Question

A particle falls on the earth from: (1) infinity, (2) the height of 10 times the radius of the earth. What will be the ratio of velocity gain on reaching the surface of the earth?
A) $\sqrt {11} :\sqrt {10} $
B) $\sqrt {10} :\sqrt {11} $
C) 10:11
D) 11:10

Answer 1

Hint: There is no external force acting in the system of the earth particle system. Therefore, Energy of the system would be conserved, hence, apply this idea for initial and final configurations of the earth and body system for the two cases.

Formula Used:
Potential Energy due to gravitational pull of earth: $P.E = \dfrac{{ - Gm{M_e}}}{r}$
Where $G$ is the gravitational constant, $m$ is the mass of earth and $M$ is the mass of Earth.
Kinetic energy of a particle moving with velocity $v$: \[K.E = \dfrac{1}{2}m{v^2}\]
Where $m$ is the mass of the particle and $v$ is velocity.
Total Energy of the system is conserved: $K.E + P.E = k$
Where $k$ is constant.

Complete step by step answer:
Given initial radii in two cases: $r = \infty $ in case particles coming from infinity and $r = 10{R_{earth}}$ in other case.
Let final velocity be ${v_1}$ and ${v_2}$ for two cases respectively
The following diagram is representing the two cases.

Step 1:
Case 1: The total energy of the combined system earth and particle:
${(T.E)_{initial}} = P.E + K.E$
Initially particle stationery, so $K.E. = 0$
${(T.E)_{initial}} = \dfrac{{ - G{M_e}m}}{\infty } + 0 = 0$ …… (1)
Similarly, in Case 2:
${(T.E)_{initial}} = P.E + K.E$
Initially particle stationery, so $K.E. = 0$
${(T.E)_{initial}} = \dfrac{{ - G{M_e}m}}{{11{R_e}}} + 0$ …… (2)
Step 2: The total energy of the combined system when reaching the earth’s surface:
Case 1:
${(T.E)_{final}} = P.{E_{surface}} + K.{E_{final}}$
${(T.E)_{final}} = \dfrac{{ - G{M_e}m}}{{{R_e}}} + \dfrac{1}{2}m{v_1}^2$ …… (3)
Similarly, in Case 2:
${(T.E)_{final}} = \dfrac{{ - G{M_e}m}}{{{R_e}}} + \dfrac{1}{2}m{v_2}^2$ …… (4)

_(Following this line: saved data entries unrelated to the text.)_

(* Let $B\colon\mathbf{Set}\to\mathbf{Set}$ be a functor, $\Lambda$ a set, and $(\tau_\lambda\colon B[0,1]\to[0,1])_{\lambda\in\Lambda}$ arbitrary functions. For every coalgebra $\alpha\colon X\to BX$ and all $s,t\in X$, $d_\alpha(s,t)\ge d^L_\alpha(s,t)$.
   Context: Formulas: $\varphi::=\top\mid\neg\varphi\mid\min(\varphi_1,\varphi_2)\mid(\ominus q)\varphi\ (q\in\mathbb{Q}\cap[0,1])\mid\heartsuit_\lambda\varphi\ (\lambda\in\Lambda)$. Semantics $[\![\varphi]\!]_\alpha\colon X\to[0,1]$: $[\![\top]\!]=1$, $[\![\neg\varphi]\!]=1-[\![\varphi]\!]$, $[\![\min(\varphi_1,\varphi_2)]\!]=\min([\![\varphi_1]\!],[\![\varphi_2]\!])$, $[\![(\ominus q)\varphi]\!]=\max([\![\varphi]\!]-q,0)$ (pointwise), $[\![\heartsuit_\lambda\varphi]\!]=\tau_\lambda\circ B[\![\varphi]\!]\circ\alpha$. Logical distance: $d^L_\alpha(s,t)=\sup_\varphi|[\![\varphi]\!]_\alpha(s)-[\![\varphi]\!]_\alpha(t)|$. For a 1-bounded pseudometric $d$ on $X$, let $d_B$ on $BX$ be $d_B(t_1,t_2)=\sup_{\lambda\in\Lambda,h}|\tau_\lambda(Bh(t_1))-\tau_\lambda(Bh(t_2))|$, $h$ ranging over nonexpansive maps $(X,d)\to([0,1],d_e)$ with $d_e$ the Euclidean metric. The behavioral distance $d_\alpha$ is the pointwise least 1-bounded pseudometric $d$ on $X$ satisfying $d(s,t)=d_B(\alpha(s),\alpha(t))$ for all $s,t$ (the greatest fixed point in the order $\sqsubseteq$ = pointwise $\ge$ on 1-bounded pseudometrics). *)

theory Defs
  imports Complex_Main
begin

(* The unit interval [0,1] is represented by the carrier {0..1} inside real.
   A Set-functor B is represented by its restriction to the objects X (type 'x)
   and [0,1]:  BX is the type 'bx, B[0,1] is the type 'bi, and
     Bxx f  : BX -> BX         for f : X -> X
     Bxi h  : BX -> B[0,1]     for h : X -> [0,1]
     Bii g  : B[0,1] -> B[0,1] for g : [0,1] -> [0,1]                     *)

definition is_functor_restr ::
  "(('x \<Rightarrow> 'x) \<Rightarrow> 'bx \<Rightarrow> 'bx) \<Rightarrow> (('x \<Rightarrow> real) \<Rightarrow> 'bx \<Rightarrow> 'bi)
    \<Rightarrow> ((real \<Rightarrow> real) \<Rightarrow> 'bi \<Rightarrow> 'bi) \<Rightarrow> bool" where
  "is_functor_restr Bxx Bxi Bii \<longleftrightarrow>
     Bxx id = id \<and>
     (\<forall>f g. Bxx (g \<circ> f) = Bxx g \<circ> Bxx f) \<and>
     Bii id = id \<and>
     (\<forall>g g'. g ` {0..1} \<subseteq> {0..1} \<and> g' ` {0..1} \<subseteq> {0..1} \<and> (\<forall>r\<in>{0..1}. g r = g' r)
        \<longrightarrow> Bii g = Bii g') \<and>
     (\<forall>g g'. g ` {0..1} \<subseteq> {0..1} \<and> g' ` {0..1} \<subseteq> {0..1}
        \<longrightarrow> Bii (g' \<circ> g) = Bii g' \<circ> Bii g) \<and>
     (\<forall>h f. range h \<subseteq> {0..1} \<longrightarrow> Bxi (h \<circ> f) = Bxi h \<circ> Bxx f) \<and>
     (\<forall>h g. range h \<subseteq> {0..1} \<and> g ` {0..1} \<subseteq> {0..1}
        \<longrightarrow> Bxi (g \<circ> h) = Bii g \<circ> Bxi h)"

datatype 'l form =
    FTop
  | FNeg "'l form"
  | FMin "'l form" "'l form"
  | FMinus rat "'l form"
  | FMod 'l "'l form"

fun wf_form :: "'l set \<Rightarrow> 'l form \<Rightarrow> bool" where
  "wf_form \<Lambda> FTop = True"
| "wf_form \<Lambda> (FNeg \<phi>) = wf_form \<Lambda> \<phi>"
| "wf_form \<Lambda> (FMin \<phi> \<psi>) = (wf_form \<Lambda> \<phi> \<and> wf_form \<Lambda> \<psi>)"
| "wf_form \<Lambda> (FMinus q \<phi>) = (0 \<le> q \<and> q \<le> 1 \<and> wf_form \<Lambda> \<phi>)"
| "wf_form \<Lambda> (FMod l \<phi>) = (l \<in> \<Lambda> \<and> wf_form \<Lambda> \<phi>)"

fun sem :: "(('x \<Rightarrow> real) \<Rightarrow> 'bx \<Rightarrow> 'bi) \<Rightarrow> ('l \<Rightarrow> 'bi \<Rightarrow> real) \<Rightarrow> ('x \<Rightarrow> 'bx)
             \<Rightarrow> 'l form \<Rightarrow> 'x \<Rightarrow> real" where
  "sem Bxi \<tau> \<alpha> FTop = (\<lambda>x. 1)"
| "sem Bxi \<tau> \<alpha> (FNeg \<phi>) = (\<lambda>x. 1 - sem Bxi \<tau> \<alpha> \<phi> x)"
| "sem Bxi \<tau> \<alpha> (FMin \<phi> \<psi>) = (\<lambda>x. min (sem Bxi \<tau> \<alpha> \<phi> x) (sem Bxi \<tau> \<alpha> \<psi> x))"
| "sem Bxi \<tau> \<alpha> (FMinus q \<phi>) = (\<lambda>x. max (sem Bxi \<tau> \<alpha> \<phi> x - of_rat q) 0)"
| "sem Bxi \<tau> \<alpha> (FMod l \<phi>) = (\<lambda>x. \<tau> l (Bxi (sem Bxi \<tau> \<alpha> \<phi>) (\<alpha> x)))"
(* Let $\mathcal{C}\subseteq(\mathbb{C}^a)^{\otimes n}$ be a quantum locally recoverable code of block length $n$, dimension $k>0$, distance $d$, and locality $r$. Then \[ k \leq n-2(d-1)-\left\lfloor\frac{n-(d-1)}{r}\right\rfloor-\left\lfloor\frac{n-2(d-1)-\left\lfloor\frac{n-(d-1)}{r}\right\rfloor}{r}\right\rfloor . \]
   Context: $[n]=\{0,\dots,n-1\}$. A quantum code of block length $n$, local dimension $a$ and dimension $k$ is an $a^k$-dimensional linear subspace $\mathcal{C}\subseteq(\mathbb{C}^a)^{\otimes n}$; a code state is (the density matrix of) a unit vector in $\mathcal{C}$. For a state $\rho$ on qudits $A$ and $B\subseteq A$, $\rho_B$ denotes the reduced density matrix on $B$; $\mathcal{M}(A)$ denotes density matrices on qudits $A$. The code can decode from erasures in $S\subseteq[n]$ if there is a quantum channel $\mathrm{Dec}^S:\mathcal{M}([n]\setminus S)\to\mathcal{M}([n])$ with $\mathrm{Dec}^S(\psi_{[n]\setminus S})=\psi$ for every code state $\psi$. The distance $d$ is the maximum $d$ such that the code can decode from erasures in every $S$ with $|S|<d$. The code is a quantum locally recoverable code (qLRC) of locality $r$ if for every $i\in[n]$ there is a set $I_i\subseteq[n]$ with $i\in I_i$, $|I_i|\le r$, and a quantum channel $\mathrm{Rec}_i:\mathcal{M}(I_i\setminus\{i\})\to\mathcal{M}(I_i)$ such that $(\mathrm{Rec}_i\otimes \mathrm{id}_{[n]\setminus I_i})(\psi_{[n]\setminus\{i\}})=\psi$ for every code state $\psi$. *)

theory Defs
  imports "HOL-Analysis.Analysis" "HOL-Library.Function_Algebras"
begin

Step 3: Using conservation of energy condition in each case:
${(T.E)_{initial}} = {(T.E)_{final}}$ …… (5)
Case 1:
Equating equation (1) and (3) we get-
$0 = \dfrac{{ - G{M_e}m}}{{{R_e}}} + \dfrac{1}{2}m{v_1}^2$
$ \Rightarrow - \dfrac{1}{2}m{v_1}^2 = \dfrac{{ - G{M_e}m}}{{{R_e}}}$
$ \Rightarrow {v_1} = \sqrt {\dfrac{{2G{M_e}}}{{{R_e}}}} $ …… (6)
Similarly, in case 2:
Equating equation (2) and (4) we get-
$\dfrac{{ - G{M_e}m}}{{11{R_e}}} + 0 = \dfrac{{ - G{M_e}m}}{{{R_e}}} + \dfrac{1}{2}m{v_2}^2$
$ \Rightarrow \dfrac{{ - G{M_e}}}{{11{R_e}}} + \dfrac{{G{M_e}}}{{{R_e}}} = \dfrac{1}{2}{v_2}^2$
$ \Rightarrow \dfrac{1}{2}{v_2}^2 = \dfrac{{ - G{M_e} + 11G{M_e}}}{{11{R_e}}} = \dfrac{{10G{M_e}}}{{11{R_e}}}$
$ \Rightarrow {v_2} = \sqrt {\dfrac{2}{1}\dfrac{{10G{M_e}}}{{11{R_e}}}} $ …… (7)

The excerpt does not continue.